▸ **Exercise**
Reproduce the records below exactly, but only between the lines holding "by (simp add: trace_def E_idem[OF j])" and "x v) = mmul", inclusive.

▸ **Dataset extract**
┌──

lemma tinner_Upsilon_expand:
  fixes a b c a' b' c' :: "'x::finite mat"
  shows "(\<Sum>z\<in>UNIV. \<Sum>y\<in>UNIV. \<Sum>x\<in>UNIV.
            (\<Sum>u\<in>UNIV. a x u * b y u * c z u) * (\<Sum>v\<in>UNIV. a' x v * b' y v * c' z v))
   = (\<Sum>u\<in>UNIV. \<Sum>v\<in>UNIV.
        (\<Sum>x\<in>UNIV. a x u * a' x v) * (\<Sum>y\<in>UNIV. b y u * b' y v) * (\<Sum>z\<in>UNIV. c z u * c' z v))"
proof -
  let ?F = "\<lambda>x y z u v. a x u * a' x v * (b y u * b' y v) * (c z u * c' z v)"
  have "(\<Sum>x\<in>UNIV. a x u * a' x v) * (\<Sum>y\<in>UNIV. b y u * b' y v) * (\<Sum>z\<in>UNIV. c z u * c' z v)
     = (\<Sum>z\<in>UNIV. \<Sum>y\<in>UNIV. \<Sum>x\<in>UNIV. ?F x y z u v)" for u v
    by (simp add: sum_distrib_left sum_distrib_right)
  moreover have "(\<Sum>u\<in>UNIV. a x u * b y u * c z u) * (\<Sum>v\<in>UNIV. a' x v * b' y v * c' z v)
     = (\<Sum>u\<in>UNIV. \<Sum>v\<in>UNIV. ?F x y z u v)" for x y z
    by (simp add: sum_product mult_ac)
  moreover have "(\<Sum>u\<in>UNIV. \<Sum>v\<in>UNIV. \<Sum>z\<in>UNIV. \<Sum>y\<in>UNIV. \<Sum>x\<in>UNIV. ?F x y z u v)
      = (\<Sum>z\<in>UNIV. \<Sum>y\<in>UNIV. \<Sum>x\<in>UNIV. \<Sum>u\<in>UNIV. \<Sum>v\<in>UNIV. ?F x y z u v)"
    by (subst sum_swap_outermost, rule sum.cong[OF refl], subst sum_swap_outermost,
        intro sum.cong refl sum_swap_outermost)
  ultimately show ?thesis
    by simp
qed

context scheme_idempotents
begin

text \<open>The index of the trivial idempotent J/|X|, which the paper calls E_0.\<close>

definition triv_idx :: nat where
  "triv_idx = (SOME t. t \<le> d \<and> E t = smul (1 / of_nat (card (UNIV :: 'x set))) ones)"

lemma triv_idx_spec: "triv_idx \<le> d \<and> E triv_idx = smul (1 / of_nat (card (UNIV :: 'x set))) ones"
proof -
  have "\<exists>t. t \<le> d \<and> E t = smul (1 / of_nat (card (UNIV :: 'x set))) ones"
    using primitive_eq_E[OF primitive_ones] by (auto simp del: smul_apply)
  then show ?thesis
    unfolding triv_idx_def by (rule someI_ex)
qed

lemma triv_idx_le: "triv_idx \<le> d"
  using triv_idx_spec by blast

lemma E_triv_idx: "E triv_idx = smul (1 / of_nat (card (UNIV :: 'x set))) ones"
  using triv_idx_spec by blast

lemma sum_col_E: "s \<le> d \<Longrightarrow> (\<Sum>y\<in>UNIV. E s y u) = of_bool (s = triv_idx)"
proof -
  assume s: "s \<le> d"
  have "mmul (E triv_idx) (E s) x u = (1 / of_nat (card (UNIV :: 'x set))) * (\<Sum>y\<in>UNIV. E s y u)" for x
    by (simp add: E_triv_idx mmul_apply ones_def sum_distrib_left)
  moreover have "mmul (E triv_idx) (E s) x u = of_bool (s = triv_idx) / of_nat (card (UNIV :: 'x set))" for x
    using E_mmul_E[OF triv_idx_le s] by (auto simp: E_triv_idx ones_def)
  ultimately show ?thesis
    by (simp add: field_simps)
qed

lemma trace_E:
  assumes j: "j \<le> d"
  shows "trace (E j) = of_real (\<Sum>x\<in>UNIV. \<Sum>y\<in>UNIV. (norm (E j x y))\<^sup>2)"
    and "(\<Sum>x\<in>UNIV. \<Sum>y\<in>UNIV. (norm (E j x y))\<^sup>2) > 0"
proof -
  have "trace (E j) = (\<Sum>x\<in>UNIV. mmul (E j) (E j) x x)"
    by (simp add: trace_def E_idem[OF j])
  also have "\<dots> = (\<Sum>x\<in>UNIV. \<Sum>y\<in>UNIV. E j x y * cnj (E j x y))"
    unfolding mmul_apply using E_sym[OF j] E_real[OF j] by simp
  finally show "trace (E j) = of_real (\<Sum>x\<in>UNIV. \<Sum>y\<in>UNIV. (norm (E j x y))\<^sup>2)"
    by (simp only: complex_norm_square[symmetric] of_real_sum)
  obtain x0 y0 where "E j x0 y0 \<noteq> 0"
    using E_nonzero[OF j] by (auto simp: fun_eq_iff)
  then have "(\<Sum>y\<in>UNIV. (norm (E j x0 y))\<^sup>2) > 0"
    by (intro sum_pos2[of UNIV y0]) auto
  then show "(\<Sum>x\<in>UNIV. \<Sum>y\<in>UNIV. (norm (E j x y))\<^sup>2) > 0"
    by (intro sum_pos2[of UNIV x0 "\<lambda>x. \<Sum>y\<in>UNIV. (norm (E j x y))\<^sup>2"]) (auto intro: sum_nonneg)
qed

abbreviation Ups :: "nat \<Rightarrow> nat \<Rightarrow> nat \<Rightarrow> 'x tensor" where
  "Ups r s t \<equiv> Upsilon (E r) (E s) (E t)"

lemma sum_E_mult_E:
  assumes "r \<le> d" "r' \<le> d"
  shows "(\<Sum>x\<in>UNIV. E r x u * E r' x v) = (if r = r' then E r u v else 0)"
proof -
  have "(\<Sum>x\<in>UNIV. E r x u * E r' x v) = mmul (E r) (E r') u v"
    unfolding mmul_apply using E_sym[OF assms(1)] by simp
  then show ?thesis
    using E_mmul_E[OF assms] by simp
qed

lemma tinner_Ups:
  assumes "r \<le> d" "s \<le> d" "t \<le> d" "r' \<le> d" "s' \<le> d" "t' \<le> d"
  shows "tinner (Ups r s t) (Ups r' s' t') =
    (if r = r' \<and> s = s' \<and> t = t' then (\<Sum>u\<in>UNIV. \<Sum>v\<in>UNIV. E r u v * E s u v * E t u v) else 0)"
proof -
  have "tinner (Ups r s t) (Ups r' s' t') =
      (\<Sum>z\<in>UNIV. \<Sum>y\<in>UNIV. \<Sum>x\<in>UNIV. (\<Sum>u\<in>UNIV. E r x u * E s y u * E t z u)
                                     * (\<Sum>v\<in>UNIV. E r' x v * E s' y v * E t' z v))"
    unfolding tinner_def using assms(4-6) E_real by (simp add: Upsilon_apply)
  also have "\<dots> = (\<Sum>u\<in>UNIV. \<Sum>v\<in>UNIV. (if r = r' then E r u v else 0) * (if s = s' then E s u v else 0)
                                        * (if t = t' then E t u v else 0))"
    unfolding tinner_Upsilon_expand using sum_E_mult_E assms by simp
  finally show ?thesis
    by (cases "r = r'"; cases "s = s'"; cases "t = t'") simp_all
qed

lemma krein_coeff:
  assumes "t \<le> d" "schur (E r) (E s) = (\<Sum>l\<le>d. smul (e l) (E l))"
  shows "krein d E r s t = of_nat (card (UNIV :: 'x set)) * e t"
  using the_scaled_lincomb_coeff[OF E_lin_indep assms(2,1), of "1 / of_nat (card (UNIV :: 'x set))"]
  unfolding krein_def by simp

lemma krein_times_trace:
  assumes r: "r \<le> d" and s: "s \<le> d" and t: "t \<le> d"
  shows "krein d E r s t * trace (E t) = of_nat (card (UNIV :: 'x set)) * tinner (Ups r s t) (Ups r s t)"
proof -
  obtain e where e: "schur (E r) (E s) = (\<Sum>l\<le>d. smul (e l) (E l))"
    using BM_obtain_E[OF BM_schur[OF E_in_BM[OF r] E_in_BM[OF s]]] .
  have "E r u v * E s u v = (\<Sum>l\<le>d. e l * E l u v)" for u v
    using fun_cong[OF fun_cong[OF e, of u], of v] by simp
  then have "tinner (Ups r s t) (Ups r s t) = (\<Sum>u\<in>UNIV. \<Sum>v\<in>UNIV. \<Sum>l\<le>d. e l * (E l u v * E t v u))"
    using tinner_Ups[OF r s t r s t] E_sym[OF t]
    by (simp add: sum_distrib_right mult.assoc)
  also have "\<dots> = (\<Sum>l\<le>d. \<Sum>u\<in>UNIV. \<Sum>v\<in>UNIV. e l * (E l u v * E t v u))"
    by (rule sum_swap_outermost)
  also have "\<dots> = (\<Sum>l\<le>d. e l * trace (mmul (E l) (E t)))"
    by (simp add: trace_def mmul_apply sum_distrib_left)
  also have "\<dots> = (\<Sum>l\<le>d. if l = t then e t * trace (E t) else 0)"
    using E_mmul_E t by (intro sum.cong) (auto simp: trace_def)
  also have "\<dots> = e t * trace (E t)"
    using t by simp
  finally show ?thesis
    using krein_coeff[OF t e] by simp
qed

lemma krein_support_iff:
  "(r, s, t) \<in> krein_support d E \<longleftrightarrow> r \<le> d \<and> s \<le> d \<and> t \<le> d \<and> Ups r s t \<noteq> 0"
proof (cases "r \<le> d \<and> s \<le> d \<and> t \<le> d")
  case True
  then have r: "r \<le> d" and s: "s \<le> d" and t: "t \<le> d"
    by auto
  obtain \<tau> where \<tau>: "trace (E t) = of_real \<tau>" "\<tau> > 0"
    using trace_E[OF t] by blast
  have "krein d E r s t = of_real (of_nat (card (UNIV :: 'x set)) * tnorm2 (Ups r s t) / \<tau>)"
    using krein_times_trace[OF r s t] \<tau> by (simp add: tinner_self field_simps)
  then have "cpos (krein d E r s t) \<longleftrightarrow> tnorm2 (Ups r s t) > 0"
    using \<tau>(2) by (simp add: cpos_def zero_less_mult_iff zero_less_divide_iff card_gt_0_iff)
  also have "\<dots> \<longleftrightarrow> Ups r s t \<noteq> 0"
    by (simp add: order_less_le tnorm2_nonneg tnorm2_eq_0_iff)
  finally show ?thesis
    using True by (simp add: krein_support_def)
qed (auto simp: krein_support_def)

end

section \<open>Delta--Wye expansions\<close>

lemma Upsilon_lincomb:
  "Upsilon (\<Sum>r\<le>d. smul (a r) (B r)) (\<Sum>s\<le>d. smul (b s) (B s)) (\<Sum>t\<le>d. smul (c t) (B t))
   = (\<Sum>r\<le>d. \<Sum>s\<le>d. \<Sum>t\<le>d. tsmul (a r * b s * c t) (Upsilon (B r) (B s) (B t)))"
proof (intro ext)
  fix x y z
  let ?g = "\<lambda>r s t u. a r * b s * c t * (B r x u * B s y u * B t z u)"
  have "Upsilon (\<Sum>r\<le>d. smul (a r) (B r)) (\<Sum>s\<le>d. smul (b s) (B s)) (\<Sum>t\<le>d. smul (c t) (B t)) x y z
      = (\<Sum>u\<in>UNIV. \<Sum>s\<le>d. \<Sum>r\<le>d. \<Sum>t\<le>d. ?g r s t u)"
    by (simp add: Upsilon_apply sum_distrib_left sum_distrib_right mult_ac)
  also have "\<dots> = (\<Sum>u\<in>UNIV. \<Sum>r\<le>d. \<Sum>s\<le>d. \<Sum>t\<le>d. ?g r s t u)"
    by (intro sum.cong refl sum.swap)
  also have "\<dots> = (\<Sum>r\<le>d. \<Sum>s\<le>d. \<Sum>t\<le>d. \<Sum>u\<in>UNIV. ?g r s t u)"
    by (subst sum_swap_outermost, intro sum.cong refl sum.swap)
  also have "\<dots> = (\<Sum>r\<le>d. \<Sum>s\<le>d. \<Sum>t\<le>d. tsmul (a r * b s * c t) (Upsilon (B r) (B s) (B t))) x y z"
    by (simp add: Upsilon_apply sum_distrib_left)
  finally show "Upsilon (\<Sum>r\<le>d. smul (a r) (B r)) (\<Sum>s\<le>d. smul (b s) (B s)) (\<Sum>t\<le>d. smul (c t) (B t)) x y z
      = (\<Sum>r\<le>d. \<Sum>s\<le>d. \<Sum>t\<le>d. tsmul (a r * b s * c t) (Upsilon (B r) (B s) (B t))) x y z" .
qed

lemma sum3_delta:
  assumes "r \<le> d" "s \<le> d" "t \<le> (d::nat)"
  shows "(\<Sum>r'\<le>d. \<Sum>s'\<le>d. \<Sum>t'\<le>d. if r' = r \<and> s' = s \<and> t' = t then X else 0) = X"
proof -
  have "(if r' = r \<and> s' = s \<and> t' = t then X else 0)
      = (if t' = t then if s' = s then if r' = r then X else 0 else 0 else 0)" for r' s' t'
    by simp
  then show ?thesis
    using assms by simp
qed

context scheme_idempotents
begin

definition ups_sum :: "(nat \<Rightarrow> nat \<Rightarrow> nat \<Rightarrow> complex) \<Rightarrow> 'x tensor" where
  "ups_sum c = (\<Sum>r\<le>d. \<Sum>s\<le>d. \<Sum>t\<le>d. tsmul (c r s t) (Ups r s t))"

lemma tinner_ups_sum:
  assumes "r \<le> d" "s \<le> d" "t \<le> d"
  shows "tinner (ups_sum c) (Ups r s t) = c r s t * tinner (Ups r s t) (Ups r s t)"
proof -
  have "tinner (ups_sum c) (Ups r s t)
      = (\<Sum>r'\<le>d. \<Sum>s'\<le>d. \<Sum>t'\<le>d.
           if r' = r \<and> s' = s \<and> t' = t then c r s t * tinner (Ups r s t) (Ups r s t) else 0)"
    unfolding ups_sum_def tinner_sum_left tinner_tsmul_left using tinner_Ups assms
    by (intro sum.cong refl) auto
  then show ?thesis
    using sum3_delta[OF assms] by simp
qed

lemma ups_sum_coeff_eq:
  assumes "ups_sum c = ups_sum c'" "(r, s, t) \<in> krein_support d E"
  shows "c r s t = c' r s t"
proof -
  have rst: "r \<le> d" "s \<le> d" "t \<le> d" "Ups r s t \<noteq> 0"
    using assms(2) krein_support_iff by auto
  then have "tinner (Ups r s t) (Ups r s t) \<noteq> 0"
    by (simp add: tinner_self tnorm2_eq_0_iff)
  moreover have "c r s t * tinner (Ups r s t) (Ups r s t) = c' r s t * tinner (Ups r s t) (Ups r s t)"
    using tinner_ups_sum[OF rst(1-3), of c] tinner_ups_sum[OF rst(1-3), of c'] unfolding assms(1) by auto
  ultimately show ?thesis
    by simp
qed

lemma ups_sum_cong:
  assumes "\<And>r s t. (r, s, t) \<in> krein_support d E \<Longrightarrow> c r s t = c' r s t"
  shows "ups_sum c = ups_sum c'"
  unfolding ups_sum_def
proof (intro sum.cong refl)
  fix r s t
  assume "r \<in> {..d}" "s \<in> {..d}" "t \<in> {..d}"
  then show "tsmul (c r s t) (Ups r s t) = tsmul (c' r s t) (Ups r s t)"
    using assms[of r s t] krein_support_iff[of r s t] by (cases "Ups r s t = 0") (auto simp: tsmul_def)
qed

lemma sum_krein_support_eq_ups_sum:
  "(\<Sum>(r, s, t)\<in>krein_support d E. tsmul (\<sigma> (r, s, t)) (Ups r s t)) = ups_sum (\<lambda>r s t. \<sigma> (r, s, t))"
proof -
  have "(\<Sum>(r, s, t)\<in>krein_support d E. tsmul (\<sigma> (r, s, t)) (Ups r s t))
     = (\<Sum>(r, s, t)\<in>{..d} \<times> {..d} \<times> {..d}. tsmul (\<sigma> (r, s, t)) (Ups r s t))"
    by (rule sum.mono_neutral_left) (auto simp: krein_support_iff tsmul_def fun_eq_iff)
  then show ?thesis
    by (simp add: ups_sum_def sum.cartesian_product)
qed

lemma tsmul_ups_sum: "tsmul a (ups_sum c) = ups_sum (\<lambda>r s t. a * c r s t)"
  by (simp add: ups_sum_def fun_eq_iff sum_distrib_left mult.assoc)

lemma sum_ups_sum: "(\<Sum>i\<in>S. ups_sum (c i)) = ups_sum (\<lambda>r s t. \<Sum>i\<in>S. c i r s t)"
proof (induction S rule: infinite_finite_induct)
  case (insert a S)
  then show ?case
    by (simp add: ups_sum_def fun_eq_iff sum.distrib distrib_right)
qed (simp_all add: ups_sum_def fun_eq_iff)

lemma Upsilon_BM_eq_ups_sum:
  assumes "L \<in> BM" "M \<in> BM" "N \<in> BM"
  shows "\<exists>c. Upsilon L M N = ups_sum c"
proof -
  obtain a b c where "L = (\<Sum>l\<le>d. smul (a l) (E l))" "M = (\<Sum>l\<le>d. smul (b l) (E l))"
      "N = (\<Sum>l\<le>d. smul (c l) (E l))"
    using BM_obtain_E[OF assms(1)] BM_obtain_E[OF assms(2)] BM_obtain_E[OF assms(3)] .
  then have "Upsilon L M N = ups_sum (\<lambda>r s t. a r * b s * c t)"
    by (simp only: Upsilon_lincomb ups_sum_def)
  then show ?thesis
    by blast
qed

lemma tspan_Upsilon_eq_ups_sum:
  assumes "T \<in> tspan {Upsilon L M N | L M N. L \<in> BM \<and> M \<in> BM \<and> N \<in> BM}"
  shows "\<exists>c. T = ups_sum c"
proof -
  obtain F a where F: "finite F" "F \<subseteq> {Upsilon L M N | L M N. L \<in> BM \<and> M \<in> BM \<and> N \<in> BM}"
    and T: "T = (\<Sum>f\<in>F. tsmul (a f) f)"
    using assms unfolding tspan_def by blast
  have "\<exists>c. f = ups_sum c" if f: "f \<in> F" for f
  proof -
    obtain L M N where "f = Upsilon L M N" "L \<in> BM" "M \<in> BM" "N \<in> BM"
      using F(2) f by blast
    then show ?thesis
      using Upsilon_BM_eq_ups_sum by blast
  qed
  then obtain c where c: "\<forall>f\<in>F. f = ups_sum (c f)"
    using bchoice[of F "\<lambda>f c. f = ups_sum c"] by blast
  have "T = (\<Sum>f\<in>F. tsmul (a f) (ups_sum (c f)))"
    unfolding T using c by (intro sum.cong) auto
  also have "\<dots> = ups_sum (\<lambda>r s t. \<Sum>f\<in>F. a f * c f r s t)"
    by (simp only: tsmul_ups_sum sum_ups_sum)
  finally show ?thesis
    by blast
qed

└──

▸ **Result below**
    by (simp add: trace_def E_idem[OF j])
  also have "\<dots> = (\<Sum>x\<in>UNIV. \<Sum>y\<in>UNIV. E j x y * cnj (E j x y))"
    unfolding mmul_apply using E_sym[OF j] E_real[OF j] by simp
  finally show "trace (E j) = of_real (\<Sum>x\<in>UNIV. \<Sum>y\<in>UNIV. (norm (E j x y))\<^sup>2)"
    by (simp only: complex_norm_square[symmetric] of_real_sum)
  obtain x0 y0 where "E j x0 y0 \<noteq> 0"
    using E_nonzero[OF j] by (auto simp: fun_eq_iff)
  then have "(\<Sum>y\<in>UNIV. (norm (E j x0 y))\<^sup>2) > 0"
    by (intro sum_pos2[of UNIV y0]) auto
  then show "(\<Sum>x\<in>UNIV. \<Sum>y\<in>UNIV. (norm (E j x y))\<^sup>2) > 0"
    by (intro sum_pos2[of UNIV x0 "\<lambda>x. \<Sum>y\<in>UNIV. (norm (E j x y))\<^sup>2"]) (auto intro: sum_nonneg)
qed

abbreviation Ups :: "nat \<Rightarrow> nat \<Rightarrow> nat \<Rightarrow> 'x tensor" where
  "Ups r s t \<equiv> Upsilon (E r) (E s) (E t)"

lemma sum_E_mult_E:
  assumes "r \<le> d" "r' \<le> d"
  shows "(\<Sum>x\<in>UNIV. E r x u * E r' x v) = (if r = r' then E r u v else 0)"
proof -
  have "(\<Sum>x\<in>UNIV. E r x u * E r' x v) = mmul (E r) (E r') u v"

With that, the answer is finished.